lemma integral_rescaled:
  fixes K :: "real \<Rightarrow> real"
  assumes "h > 0"
  shows "(\<integral>x. K ((x - y) / h) / h \<partial>lborel) = integral\<^sup>L lborel K"
  using lborel_integral_real_affine[of h "\<lambda>x. K ((x - y) / h) / h" y] assms by simp

lemma phi_rescaled:
  fixes K :: "real \<Rightarrow> real"
  assumes "h > 0"
  shows "(\<integral>x. cis (t * x) * complex_of_real (K ((x - y) / h) / h) \<partial>lborel)
       = cis (t * y) * phi K (t * h)"
proof -
  have "(\<integral>x. cis (t * x) * complex_of_real (K ((x - y) / h) / h) \<partial>lborel)
      = h *\<^sub>R (\<integral>u. cis (t * (y + h * u)) * complex_of_real (K u / h) \<partial>lborel)"
    using lborel_integral_real_affine[of h "\<lambda>x. cis (t * x) * complex_of_real (K ((x - y) / h) / h)" y]
      assms by simp
  also have "\<dots> = (\<integral>u. cis (t * y) * (cis (t * h * u) * complex_of_real (K u)) \<partial>lborel)"
  proof -
    have "h *\<^sub>R (cis (t * (y + h * u)) * complex_of_real (K u / h))
        = cis (t * y) * (cis (t * h * u) * complex_of_real (K u))" for u
      using assms by (simp add: scaleR_conv_of_real of_real_divide cis_mult distrib_left mult_ac)
    then show ?thesis by (simp only: integral_scaleR_right[symmetric] integral_mult_right_zero)
  qed
  also have "\<dots> = cis (t * y) * phi K (t * h)"
    unfolding phi_def by simp
  finally show ?thesis .
qed

(* (y, x) \<mapsto> K_h(x - y) f(y) is integrable on the plane: by Tonelli its L1 norm is
   ||K||_1 ||f||_1.  This licenses Fubini in the convolution theorem below. *)
lemma smoothing_integrable_pair:
  fixes K f :: "real \<Rightarrow> real"
  assumes K: "integrable lborel K" and f: "integrable lborel f" and h: "h > 0"
  shows "integrable (lborel \<Otimes>\<^sub>M lborel) (\<lambda>(y, x). K ((x - y) / h) / h * f y)"
proof -
  have [measurable]: "K \<in> borel_measurable borel" "f \<in> borel_measurable borel"
    using K f by (simp_all add: borel_measurable_integrable)
  have inner: "(\<integral>x. norm (K ((x - y) / h) / h * f y) \<partial>lborel) = (\<integral>u. norm (K u) \<partial>lborel) * norm (f y)"
    for y
  proof -
    have "(\<integral>x. norm (K ((x - y) / h) / h * f y) \<partial>lborel)
        = (\<integral>x. norm (K ((x - y) / h)) / h \<partial>lborel) * norm (f y)"
      using h by (simp add: abs_mult)
    also have "\<dots> = (\<integral>u. norm (K u) \<partial>lborel) * norm (f y)"
      using integral_rescaled[OF h, of "\<lambda>u. norm (K u)" y] by simp
    finally show ?thesis .
  qed
  show ?thesis
  proof (rule lborel_pair.Fubini_integrable)
    have "integrable lborel (\<lambda>y. (\<integral>u. norm (K u) \<partial>lborel) * norm (f y))"
      using f by auto
    then show "integrable lborel (\<lambda>y. \<integral>x. norm (case (y, x) of (y, x) \<Rightarrow> K ((x - y) / h) / h * f y) \<partial>lborel)"
      by (simp only: prod.case inner)
    have "integrable lborel (\<lambda>x. K ((x - y) / h) / h * f y)" for y
      using integrable_rescaled[OF K h] by (rule integrable_mult_left)
    then show "AE y in lborel. integrable lborel (\<lambda>x. case (y, x) of (y, x) \<Rightarrow> K ((x - y) / h) / h * f y)"
      by simp
  qed measurable
qed

lemma phi_smoothed:
  fixes K f :: "real \<Rightarrow> real"
  assumes K: "integrable lborel K" and f: "integrable lborel f" and h: "h > 0"
  shows "integrable lborel (smoothed K h f)"
    and "phi (smoothed K h f) t = phi K (t * h) * phi f t"
proof -
  have [measurable]: "K \<in> borel_measurable borel" "f \<in> borel_measurable borel"
    using K f by (simp_all add: borel_measurable_integrable)
  define G where "G y x = K ((x - y) / h) / h * f y" for y x
  have G_int: "integrable (lborel \<Otimes>\<^sub>M lborel) (\<lambda>(y, x). G y x)"
    unfolding G_def by (rule smoothing_integrable_pair[OF K f h])
  have sm: "smoothed K h f x = (\<integral>y. G y x \<partial>lborel)" for x
    by (simp add: smoothed_def G_def)
  show "integrable lborel (smoothed K h f)"
    unfolding sm using lborel_pair.integrable_snd[OF G_int] .
  have F_int: "integrable (lborel \<Otimes>\<^sub>M lborel) (\<lambda>(y, x). cis (t * x) * complex_of_real (G y x))"
  proof (rule Bochner_Integration.integrable_bound[OF integrable_norm[OF G_int]])
    show "(\<lambda>(y, x). cis (t * x) * complex_of_real (G y x)) \<in> borel_measurable (lborel \<Otimes>\<^sub>M lborel)"
      unfolding cis_conv_exp G_def by measurable
  qed (auto simp: norm_mult split: prod.split)
  have "phi (smoothed K h f) t = (\<integral>x. \<integral>y. cis (t * x) * complex_of_real (G y x) \<partial>lborel \<partial>lborel)"
    unfolding phi_def sm by (simp only: integral_mult_right_zero integral_complex_of_real)
  also have "\<dots> = (\<integral>y. \<integral>x. cis (t * x) * complex_of_real (G y x) \<partial>lborel \<partial>lborel)"
    using lborel_pair.Fubini_integral[OF F_int] by simp
  also have "\<dots> = (\<integral>y. phi K (t * h) * (cis (t * y) * complex_of_real (f y)) \<partial>lborel)"
  proof (intro Bochner_Integration.integral_cong refl)
    fix y
    have "(\<integral>x. cis (t * x) * complex_of_real (G y x) \<partial>lborel)
        = (\<integral>x. cis (t * x) * complex_of_real (K ((x - y) / h) / h) \<partial>lborel) * complex_of_real (f y)"
      by (simp add: G_def mult.assoc flip: integral_mult_left_zero)
    also have "\<dots> = cis (t * y) * phi K (t * h) * complex_of_real (f y)"
      by (simp only: phi_rescaled[OF h])
    finally show "(\<integral>x. cis (t * x) * complex_of_real (G y x) \<partial>lborel)
        = phi K (t * h) * (cis (t * y) * complex_of_real (f y))"
      by (simp only: mult_ac)
  qed
  also have "\<dots> = phi K (t * h) * phi f t"
    unfolding phi_def by simp
  finally show "phi (smoothed K h f) t = phi K (t * h) * phi f t" .
qed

Task brief
From start to finish, retype the records above with complete accuracy.

Result of this task
lemma integral_rescaled:
  fixes K :: "real \<Rightarrow> real"
  assumes "h > 0"
  shows "(\<integral>x. K ((x - y) / h) / h \<partial>lborel) = integral\<^sup>L lborel K"
  using lborel_integral_real_affine[of h "\<lambda>x. K ((x - y) / h) / h" y] assms by simp

lemma phi_rescaled:
  fixes K :: "real \<Rightarrow> real"
  assumes "h > 0"
  shows "(\<integral>x. cis (t * x) * complex_of_real (K ((x - y) / h) / h) \<partial>lborel)
       = cis (t * y) * phi K (t * h)"
proof -
  have "(\<integral>x. cis (t * x) * complex_of_real (K ((x - y) / h) / h) \<partial>lborel)
      = h *\<^sub>R (\<integral>u. cis (t * (y + h * u)) * complex_of_real (K u / h) \<partial>lborel)"
    using lborel_integral_real_affine[of h "\<lambda>x. cis (t * x) * complex_of_real (K ((x - y) / h) / h)" y]
      assms by simp
  also have "\<dots> = (\<integral>u. cis (t * y) * (cis (t * h * u) * complex_of_real (K u)) \<partial>lborel)"
  proof -
    have "h *\<^sub>R (cis (t * (y + h * u)) * complex_of_real (K u / h))
        = cis (t * y) * (cis (t * h * u) * complex_of_real (K u))" for u
      using assms by (simp add: scaleR_conv_of_real of_real_divide cis_mult distrib_left mult_ac)
    then show ?thesis by (simp only: integral_scaleR_right[symmetric] integral_mult_right_zero)
  qed
  also have "\<dots> = cis (t * y) * phi K (t * h)"
    unfolding phi_def by simp
  finally show ?thesis .
qed

(* (y, x) \<mapsto> K_h(x - y) f(y) is integrable on the plane: by Tonelli its L1 norm is
   ||K||_1 ||f||_1.  This licenses Fubini in the convolution theorem below. *)
lemma smoothing_integrable_pair:
  fixes K f :: "real \<Rightarrow> real"
  assumes K: "integrable lborel K" and f: "integrable lborel f" and h: "h > 0"
  shows "integrable (lborel \<Otimes>\<^sub>M lborel) (\<lambda>(y, x). K ((x - y) / h) / h * f y)"
proof -
  have [measurable]: "K \<in> borel_measurable borel" "f \<in> borel_measurable borel"
    using K f by (simp_all add: borel_measurable_integrable)
  have inner: "(\<integral>x. norm (K ((x - y) / h) / h * f y) \<partial>lborel) = (\<integral>u. norm (K u) \<partial>lborel) * norm (f y)"
    for y
  proof -
    have "(\<integral>x. norm (K ((x - y) / h) / h * f y) \<partial>lborel)
        = (\<integral>x. norm (K ((x - y) / h)) / h \<partial>lborel) * norm (f y)"
      using h by (simp add: abs_mult)
    also have "\<dots> = (\<integral>u. norm (K u) \<partial>lborel) * norm (f y)"
      using integral_rescaled[OF h, of "\<lambda>u. norm (K u)" y] by simp
    finally show ?thesis .
  qed
  show ?thesis
  proof (rule lborel_pair.Fubini_integrable)
    have "integrable lborel (\<lambda>y. (\<integral>u. norm (K u) \<partial>lborel) * norm (f y))"
      using f by auto
    then show "integrable lborel (\<lambda>y. \<integral>x. norm (case (y, x) of (y, x) \<Rightarrow> K ((x - y) / h) / h * f y) \<partial>lborel)"
      by (simp only: prod.case inner)
    have "integrable lborel (\<lambda>x. K ((x - y) / h) / h * f y)" for y
      using integrable_rescaled[OF K h] by (rule integrable_mult_left)
    then show "AE y in lborel. integrable lborel (\<lambda>x. case (y, x) of (y, x) \<Rightarrow> K ((x - y) / h) / h * f y)"
      by simp
  qed measurable
qed

lemma phi_smoothed:
  fixes K f :: "real \<Rightarrow> real"
  assumes K: "integrable lborel K" and f: "integrable lborel f" and h: "h > 0"
  shows "integrable lborel (smoothed K h f)"
    and "phi (smoothed K h f) t = phi K (t * h) * phi f t"
proof -
  have [measurable]: "K \<in> borel_measurable borel" "f \<in> borel_measurable borel"
    using K f by (simp_all add: borel_measurable_integrable)
  define G where "G y x = K ((x - y) / h) / h * f y" for y x
  have G_int: "integrable (lborel \<Otimes>\<^sub>M lborel) (\<lambda>(y, x). G y x)"
    unfolding G_def by (rule smoothing_integrable_pair[OF K f h])
  have sm: "smoothed K h f x = (\<integral>y. G y x \<partial>lborel)" for x
    by (simp add: smoothed_def G_def)
  show "integrable lborel (smoothed K h f)"
    unfolding sm using lborel_pair.integrable_snd[OF G_int] .
  have F_int: "integrable (lborel \<Otimes>\<^sub>M lborel) (\<lambda>(y, x). cis (t * x) * complex_of_real (G y x))"
  proof (rule Bochner_Integration.integrable_bound[OF integrable_norm[OF G_int]])
    show "(\<lambda>(y, x). cis (t * x) * complex_of_real (G y x)) \<in> borel_measurable (lborel \<Otimes>\<^sub>M lborel)"
      unfolding cis_conv_exp G_def by measurable
  qed (auto simp: norm_mult split: prod.split)
  have "phi (smoothed K h f) t = (\<integral>x. \<integral>y. cis (t * x) * complex_of_real (G y x) \<partial>lborel \<partial>lborel)"
    unfolding phi_def sm by (simp only: integral_mult_right_zero integral_complex_of_real)
  also have "\<dots> = (\<integral>y. \<integral>x. cis (t * x) * complex_of_real (G y x) \<partial>lborel \<partial>lborel)"
    using lborel_pair.Fubini_integral[OF F_int] by simp
  also have "\<dots> = (\<integral>y. phi K (t * h) * (cis (t * y) * complex_of_real (f y)) \<partial>lborel)"
  proof (intro Bochner_Integration.integral_cong refl)
    fix y
    have "(\<integral>x. cis (t * x) * complex_of_real (G y x) \<partial>lborel)
        = (\<integral>x. cis (t * x) * complex_of_real (K ((x - y) / h) / h) \<partial>lborel) * complex_of_real (f y)"
      by (simp add: G_def mult.assoc flip: integral_mult_left_zero)
    also have "\<dots> = cis (t * y) * phi K (t * h) * complex_of_real (f y)"
      by (simp only: phi_rescaled[OF h])
    finally show "(\<integral>x. cis (t * x) * complex_of_real (G y x) \<partial>lborel)
        = phi K (t * h) * (cis (t * y) * complex_of_real (f y))"
      by (simp only: mult_ac)
  qed
  also have "\<dots> = phi K (t * h) * phi f t"
    unfolding phi_def by simp
  finally show "phi (smoothed K h f) t = phi K (t * h) * phi f t" .
qed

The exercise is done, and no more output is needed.